The tech world is ever evolving, coming up with countless solutions to make your business faster, more organized, innovative, and overall more competitive. When things are going well, it is easy to get comfortable. Maybe a new solution comes along in your industry, but your company is doing well, you already have an effective internal system, and integrating a new tech solution is time consuming and costly. It may seem reasonable to reject this innovation at the time, but complacency in the tech sphere can cause even the biggest businesses to crumble. Before you know it, all of your competitors will have adopted whatever instrument you chose to wait on until a more necessary/opportune time. Fortune writer Gary Little calls this “getting Uber-ed,” you want to avoid it, and early company disruption for innovative technology is how you can.
Being aware of and implementing new technology early on can save your business from obsolescence. The “getting Uber-ed” example refers to the taxi industry’s neglect of innovations like cloud computing, real time data, and mobile. Today, consumers are accustomed to being able to do everything on their mobile device. However, to get a cab you still had to look up a phone number and call a cab company who would dispatch the next available cab to your general location as described during the call. This did not cater to the use of mobile, real time data of exact consumer location, and was inefficient. Many cab companies chose not to innovate, Uber did and has made traditional cab companies almost obsolete. Uber knows where you are, what drivers are close to you, where you want to go, and with your Uber account it doesn't even matter if you have your wallet on you. Additionally because Uber was the first app of its kind to market, it landed deals with other apps like OpenTable who offer the “Ride There with Uber” feature for their restaurant reservations. Uber is the quintessential example of why you want to innovate often and early to stay relevant in your market.

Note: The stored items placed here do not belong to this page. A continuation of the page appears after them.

text \<open>Algorithm parameters: alpha1 K1 alpha2 K2 rho; the arbitrary parts:
 cond, cond1 (predicates evaluated at p in the current configuration) and
 Init, Comp (procedures: give the new value of the other registers of p).\<close>

definition enabled ::
  "('v \<Rightarrow> 'v \<Rightarrow> bool) \<Rightarrow> int \<Rightarrow> int \<Rightarrow> int \<Rightarrow> int \<Rightarrow> action \<Rightarrow> 'v \<Rightarrow> ('v, 's) config \<Rightarrow> bool" where
  "enabled E \<alpha>1 K1 \<alpha>2 K2 a p \<gamma> = (case a of
      NA \<Rightarrow> NormalStepI K1 E (R1 \<gamma>) p \<and> LocallyCorrect K2 E (R2 \<gamma>) p
    | CA1 \<Rightarrow> ConvergenceStep \<alpha>1 E (R1 \<gamma>) p
    | CA2 \<Rightarrow> ConvergenceStep \<alpha>2 E (R2 \<gamma>) p
    | RA1 \<Rightarrow> ResetInit \<alpha>1 K1 E (R1 \<gamma>) p
    | RA2 \<Rightarrow> ResetInit \<alpha>2 K2 E (R2 \<gamma>) p)"

definition exec ::
  "('v \<Rightarrow> 'v \<Rightarrow> bool) \<Rightarrow> int \<Rightarrow> int \<Rightarrow> int \<Rightarrow> int \<Rightarrow> int \<Rightarrow>
   ('v \<Rightarrow> ('v, 's) config \<Rightarrow> bool) \<Rightarrow> ('v \<Rightarrow> ('v, 's) config \<Rightarrow> bool) \<Rightarrow>
   ('v \<Rightarrow> ('v, 's) config \<Rightarrow> 's) \<Rightarrow> ('v \<Rightarrow> ('v, 's) config \<Rightarrow> 's) \<Rightarrow>
   action \<Rightarrow> 'v \<Rightarrow> ('v, 's) config \<Rightarrow> int \<times> int \<times> 's" where
  "exec E \<alpha>1 K1 \<alpha>2 K2 \<rho> cond cond1 Init Comp a p \<gamma> = (case a of
      NA \<Rightarrow> (if R1 \<gamma> p mod \<rho> = (\<rho> - 1) mod \<rho>
             then (phi K1 (R1 \<gamma> p),
                   (if NormalStepI K2 E (R2 \<gamma>) p \<and> cond p \<gamma> \<and> cond1 p \<gamma>
                    then phi K2 (R2 \<gamma> p) else R2 \<gamma> p),
                   Init p \<gamma>)
             else (phi K1 (R1 \<gamma> p), R2 \<gamma> p, Comp p \<gamma>))
    | CA1 \<Rightarrow> (phi K1 (R1 \<gamma> p), R2 \<gamma> p, Oth \<gamma> p)
    | CA2 \<Rightarrow> (R1 \<gamma> p, phi K2 (R2 \<gamma> p), Oth \<gamma> p)
    | RA1 \<Rightarrow> (-\<alpha>1, R2 \<gamma> p, Oth \<gamma> p)
    | RA2 \<Rightarrow> (R1 \<gamma> p, -\<alpha>2, Oth \<gamma> p))"

text \<open>One step of the distributed (possibly unfair) daemon: a nonempty set S of
 enabled processes, each executing one of its enabled actions atomically
 (all reading the current configuration).\<close>
definition ssdc_step ::
  "'v set \<Rightarrow> ('v \<Rightarrow> 'v \<Rightarrow> bool) \<Rightarrow> int \<Rightarrow> int \<Rightarrow> int \<Rightarrow> int \<Rightarrow> int \<Rightarrow>
   ('v \<Rightarrow> ('v, 's) config \<Rightarrow> bool) \<Rightarrow> ('v \<Rightarrow> ('v, 's) config \<Rightarrow> bool) \<Rightarrow>
   ('v \<Rightarrow> ('v, 's) config \<Rightarrow> 's) \<Rightarrow> ('v \<Rightarrow> ('v, 's) config \<Rightarrow> 's) \<Rightarrow>
   ('v, 's) config \<Rightarrow> ('v, 's) config \<Rightarrow> bool" where
  "ssdc_step V E \<alpha>1 K1 \<alpha>2 K2 \<rho> cond cond1 Init Comp \<gamma> \<gamma>' \<longleftrightarrow>
     (\<exists>S act. S \<subseteq> V \<and> S \<noteq> {} \<and>
        (\<forall>p\<in>S. enabled E \<alpha>1 K1 \<alpha>2 K2 (act p) p \<gamma>) \<and>
        (\<forall>p. \<gamma>' p = (if p \<in> S then exec E \<alpha>1 K1 \<alpha>2 K2 \<rho> cond cond1 Init Comp (act p) p \<gamma>
                      else \<gamma> p)))"

definition terminal ::
  "'v set \<Rightarrow> ('v \<Rightarrow> 'v \<Rightarrow> bool) \<Rightarrow> int \<Rightarrow> int \<Rightarrow> int \<Rightarrow> int \<Rightarrow> ('v, 's) config \<Rightarrow> bool" where
  "terminal V E \<alpha>1 K1 \<alpha>2 K2 \<gamma> \<longleftrightarrow> \<not> (\<exists>p\<in>V. \<exists>a. enabled E \<alpha>1 K1 \<alpha>2 K2 a p \<gamma>)"

text \<open>A maximal execution e of length N (N = \<infinity> for infinite executions):
 configurations e 0, e 1, ..., e N; finite executions end in a terminal configuration.\<close>
definition maximal_execution ::
  "'v set \<Rightarrow> ('v \<Rightarrow> 'v \<Rightarrow> bool) \<Rightarrow> int \<Rightarrow> int \<Rightarrow> int \<Rightarrow> int \<Rightarrow> int \<Rightarrow>
   ('v \<Rightarrow> ('v, 's) config \<Rightarrow> bool) \<Rightarrow> ('v \<Rightarrow> ('v, 's) config \<Rightarrow> bool) \<Rightarrow>
   ('v \<Rightarrow> ('v, 's) config \<Rightarrow> 's) \<Rightarrow> ('v \<Rightarrow> ('v, 's) config \<Rightarrow> 's) \<Rightarrow>
   (nat \<Rightarrow> ('v, 's) config) \<Rightarrow> enat \<Rightarrow> bool" where
  "maximal_execution V E \<alpha>1 K1 \<alpha>2 K2 \<rho> cond cond1 Init Comp e N \<longleftrightarrow>
     (\<forall>i. enat (Suc i) \<le> N \<longrightarrow> ssdc_step V E \<alpha>1 K1 \<alpha>2 K2 \<rho> cond cond1 Init Comp (e i) (e (Suc i))) \<and>
     (\<forall>n. N = enat n \<longrightarrow> terminal V E \<alpha>1 K1 \<alpha>2 K2 (e n))"

definition WU_i :: "'v set \<Rightarrow> ('v \<Rightarrow> 'v \<Rightarrow> bool) \<Rightarrow> int \<Rightarrow> ('v \<Rightarrow> int) \<Rightarrow> bool" where
  "WU_i V E K r \<longleftrightarrow> (\<forall>p\<in>V. r p \<in> ring K) \<and>
     (\<forall>p q. E p q \<longrightarrow> min ((r p - r q) mod K) ((r q - r p) mod K) \<le> 1)"

definition WU :: "'v set \<Rightarrow> ('v \<Rightarrow> 'v \<Rightarrow> bool) \<Rightarrow> int \<Rightarrow> int \<Rightarrow> ('v, 's) config \<Rightarrow> bool" where
  "WU V E K1 K2 \<gamma> \<longleftrightarrow> WU_i V E K1 (R1 \<gamma>) \<and> WU_i V E K2 (R2 \<gamma>)"

end

theory Submission
  imports Defs
begin

(* Closure.  WU holds exactly when every process is locally correct in both layers.  Locally
   correct processes can only execute the normal action NA, and normal steps keep neighbouring
   clocks adjacent (equal or one phi-step apart), so WU is preserved.

   Convergence.  Along an execution each register r_i evolves as a "layer" (locale layer): in
   every step each process keeps its value, makes a normal step, a convergence step (+1 in the
   tail) or a reset to -alpha_i.  The core result is that with alpha >= T_G a layer resets only
   finitely often.  Every reset that is not the first one of its process is caused by an
   earlier reset of a neighbour (cause_exists), and a chain of causes never returns to a
   process (chain_not_closed): chains of length at most alpha are too short, since the tail
   value -alpha has to be climbed back step by step (climb_chain); a shortest returning chain
   is a cycle of the graph, which has a chord of span < T_G <= alpha (short_chord), and such a
   chord is a cause shortcutting the chain.  Hence cause chains are shorter than |V|, resets
   stop, tail values then only grow, and eventually only normal moves occur (eventually_normal).
   A finite maximal execution ends in a terminal configuration, where no convergence step or
   reset is enabled, hence WU holds.  In an infinite execution, once only normal moves remain,
   a violation of WU freezes r_1 at some process forever; freezing spreads along the edges
   (locale normal_run), while every step changes some r_1 or makes a non-normal r_2 move --
   a contradiction. *)


lemma ring_iff: "x \<in> ring K \<longleftrightarrow> 0 \<le> x \<and> x \<le> K - 1"
  by (auto simp: ring_def)

lemma tail_iff: "x \<in> tail a \<longleftrightarrow> -a \<le> x \<and> x \<le> 0"
  by (auto simp: tail_def)

lemma tailS_iff: "x \<in> tailS a \<longleftrightarrow> -a \<le> x \<and> x \<le> -1"
  by (auto simp: tailS_def)

lemma chi_iff: "\<alpha> \<ge> 1 \<Longrightarrow> K \<ge> 3 \<Longrightarrow> x \<in> chi \<alpha> K \<longleftrightarrow> -\<alpha> \<le> x \<and> x \<le> K - 1"
  by (auto simp: chi_def tail_iff ring_iff)

lemma phi_ring_eq:
  assumes "0 \<le> x" "x \<le> K - 1"
  shows "phi K x = (if x = K - 1 then 0 else x + 1)"
  using assms by (cases "x = K - 1") (simp_all add: phi_def)

lemma phi_neg: "x < 0 \<Longrightarrow> phi K x = x + 1"
  by (simp add: phi_def)

lemma phi_in_ring: "0 \<le> x \<Longrightarrow> x \<le> K - 1 \<Longrightarrow> 0 \<le> phi K x \<and> phi K x \<le> K - 1"
  by (simp add: phi_ring_eq)

lemma phi_ne: "0 \<le> x \<Longrightarrow> x \<le> K - 1 \<Longrightarrow> K \<ge> 3 \<Longrightarrow> phi K x \<noteq> x"
  by (simp add: phi_ring_eq)

lemma phi_phi_ne: "0 \<le> x \<Longrightarrow> x \<le> K - 1 \<Longrightarrow> K \<ge> 3 \<Longrightarrow> phi K (phi K x) \<noteq> x"
  using phi_in_ring[of x K] by (auto simp: phi_ring_eq split: if_splits)

definition adjacent :: "int \<Rightarrow> int \<Rightarrow> int \<Rightarrow> bool" where
  "adjacent K a b \<longleftrightarrow> a = b \<or> a = phi K b \<or> phi K a = b"

lemma adjacent_step:
  assumes K: "K \<ge> 3" and ra: "0 \<le> a" "a \<le> K - 1" and rb: "0 \<le> b" "b \<le> K - 1"
    and ab: "adjacent K a b"
    and a': "a' = a \<or> (a' = phi K a \<and> (b = a \<or> b = phi K a))"
    and b': "b' = b \<or> (b' = phi K b \<and> (a = b \<or> a = phi K b))"
  shows "adjacent K a' b'"
  using a' b' ab phi_ne[OF ra K] phi_ne[OF rb K] phi_phi_ne[OF ra K] phi_phi_ne[OF rb K]
  unfolding adjacent_def by metis

lemma adjacent_iff_cyclic_dist:
  assumes K: "K \<ge> 3" and ra: "0 \<le> a" "a \<le> K - 1" and rb: "0 \<le> b" "b \<le> K - 1"
  shows "adjacent K a b \<longleftrightarrow> min ((a - b) mod K) ((b - a) mod K) \<le> 1"
proof -
  have diff_mod: "(x - y) mod K = (if x \<ge> y then x - y else x - y + K)"
    if "0 \<le> x" "x \<le> K - 1" "0 \<le> y" "y \<le> K - 1" for x y
  proof (cases "x \<ge> y")
    case False
    have "(x - y) mod K = (x - y + K) mod K" by simp
    also have "\<dots> = x - y + K" using False that by (intro mod_pos_pos_trivial) auto
    finally show ?thesis using False by simp
  qed (use that in simp)
  show ?thesis
    unfolding adjacent_def diff_mod[OF ra rb] diff_mod[OF rb ra] using ra rb K
    by (auto simp: phi_ring_eq split: if_splits)
qed


lemma discrete_crossing:
  fixes f :: "nat \<Rightarrow> int"
  assumes "a \<le> b" "f a < w" "w \<le> f b"
  shows "\<exists>c. a \<le> c \<and> c < b \<and> f c < w \<and> w \<le> f (Suc c)"
  using assms
proof (induction b)
  case (Suc b)
  show ?case
  proof (cases "a = Suc b \<or> w \<le> f b")
    case True
    then obtain c where "a \<le> c \<and> c < b \<and> f c < w \<and> w \<le> f (Suc c)"
      using Suc by (metis le_SucE not_le)
    then show ?thesis by (intro exI[of _ c]) auto
  next
    case False
    then show ?thesis using Suc.prems by (intro exI[of _ b]) auto
  qed
qed simp

lemma last_change:
  assumes "x \<le> b" "f x \<noteq> f b"
  shows "\<exists>c. x \<le> c \<and> c < b \<and> f c \<noteq> f b \<and> f (Suc c) = f b"
  using assms
proof (induction b)
  case (Suc b)
  have xb: "x \<le> b" using Suc.prems by (cases "x = Suc b") auto
  show ?case
  proof (cases "f b = f (Suc b)")
    case True
    then show ?thesis using Suc.IH xb Suc.prems(2) by fastforce
  next
    case False
    then show ?thesis using xb by (intro exI[of _ b]) auto
  qed
qed simp

lemma mono_bounded_eventually_const:
  fixes f :: "nat \<Rightarrow> int"
  assumes mono: "\<And>t. T \<le> t \<Longrightarrow> f t \<le> f (Suc t)" and bd: "\<And>t. f t \<le> B"
  shows "\<exists>T'. \<forall>t\<ge>T'. f (Suc t) = f t"
proof (rule ccontr)
  assume never_const: "\<not> ?thesis"
  have mono': "f t \<le> f t'" if "T \<le> t" "t \<le> t'" for t t'
    using that(2)
  proof (induction t' rule: dec_induct)
    case (step n)
    then show ?case using mono[of n] that(1) by linarith
  qed simp
  have grows: "\<exists>t\<ge>T. f T + int n \<le> f t" for n
  proof (induction n)
    case (Suc n)
    then obtain t where t: "T \<le> t" "f T + int n \<le> f t" by auto
    from never_const obtain t' where t': "t \<le> t'" "f (Suc t') \<noteq> f t'" by auto
    have "f t \<le> f t'" "f t' \<le> f (Suc t')" using mono' mono t t' by auto
    then show ?case using t t' by (intro exI[of _ "Suc t'"]) auto
  qed auto
  obtain t where "f T + int (nat (B - f T + 1)) \<le> f t" using grows by blast
  then show False using bd[of t] bd[of T] by simp
qed


section \<open>Chordless cycles\<close>

lemma graph_edge: "graph V E \<Longrightarrow> E u v \<Longrightarrow> u \<in> V \<and> v \<in> V \<and> u \<noteq> v \<and> E v u"
  unfolding graph_def by blast

lemma T_G_bound:
  assumes G: "graph V E" and c: "chordless_cycle E vs"
  shows "length vs \<le> T_G E"
proof -
  have len_le: "length ws \<le> card V" if "chordless_cycle E ws" for ws
  proof -
    have cyc: "distinct ws" "\<forall>i<length ws. E (ws ! i) (ws ! ((i + 1) mod length ws))"
      using that by (auto simp: chordless_cycle_def is_cycle_def)
    have "set ws \<subseteq> V"
    proof
      fix v assume "v \<in> set ws"
      then obtain i where "i < length ws" "ws ! i = v" by (auto simp: in_set_conv_nth)
      then have "E v (ws ! ((i + 1) mod length ws))" using cyc(2) by auto
      from graph_edge[OF G this] show "v \<in> V" by simp
    qed
    then have "card (set ws) \<le> card V" using G by (simp add: card_mono graph_def)
    then show ?thesis using distinct_card[OF cyc(1)] by simp
  qed
  let ?S = "{length vs | vs. chordless_cycle E vs}"
  have "?S \<subseteq> {..card V}" using len_le by blast
  then have "finite ?S" by (rule finite_subset) simp
  then show ?thesis using c by (auto simp: T_G_def intro: Max_ge)
qed

text \<open>Chordless cycles have at least three vertices, so \<open>T_G \<ge> 2\<close> in any case.\<close>

lemma T_G_ge_2:
  assumes G: "graph V E"
  shows "2 \<le> T_G E"
proof (cases "\<exists>vs. chordless_cycle E vs")
  case True
  then obtain vs where c: "chordless_cycle E vs" by blast
  then have "length vs \<ge> 3" by (simp add: chordless_cycle_def is_cycle_def)
  then show ?thesis using T_G_bound[OF G c] by simp
qed (simp add: T_G_def)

It is not always easy to know when the market is going to shift, or when it may be time to innovate. In the Harvard Business Review, Cisco CEO John Chambers notes that a good way to anticipate market transition is through your customers. Listen to the things your customers want, innovations that they are considering making, and go from there. He notes as a mistake Flip cameras, which were mobile, high def, tapeless video cameras. Around the same time Cisco acquired Flip, Apple revealed that iPhones would also be able to take high def video, but one step further, they were sharable socially on the cloud. In this, Apple listened to its customers and targeted the immensely popular social trend of being able to quickly share content on media platforms. Chambers’ sentiment from the article can be summed up in this quote, “even great companies are imperiled if they miss a market transition.”
Today, keeping up is not always enough. There are huge advantages to being the first of your competition to market with a new, more convenient tool. To stay ahead, be aware of new tech advances in your industry and what your customers are looking for. This will ensure that you don’t “get Uber-ed."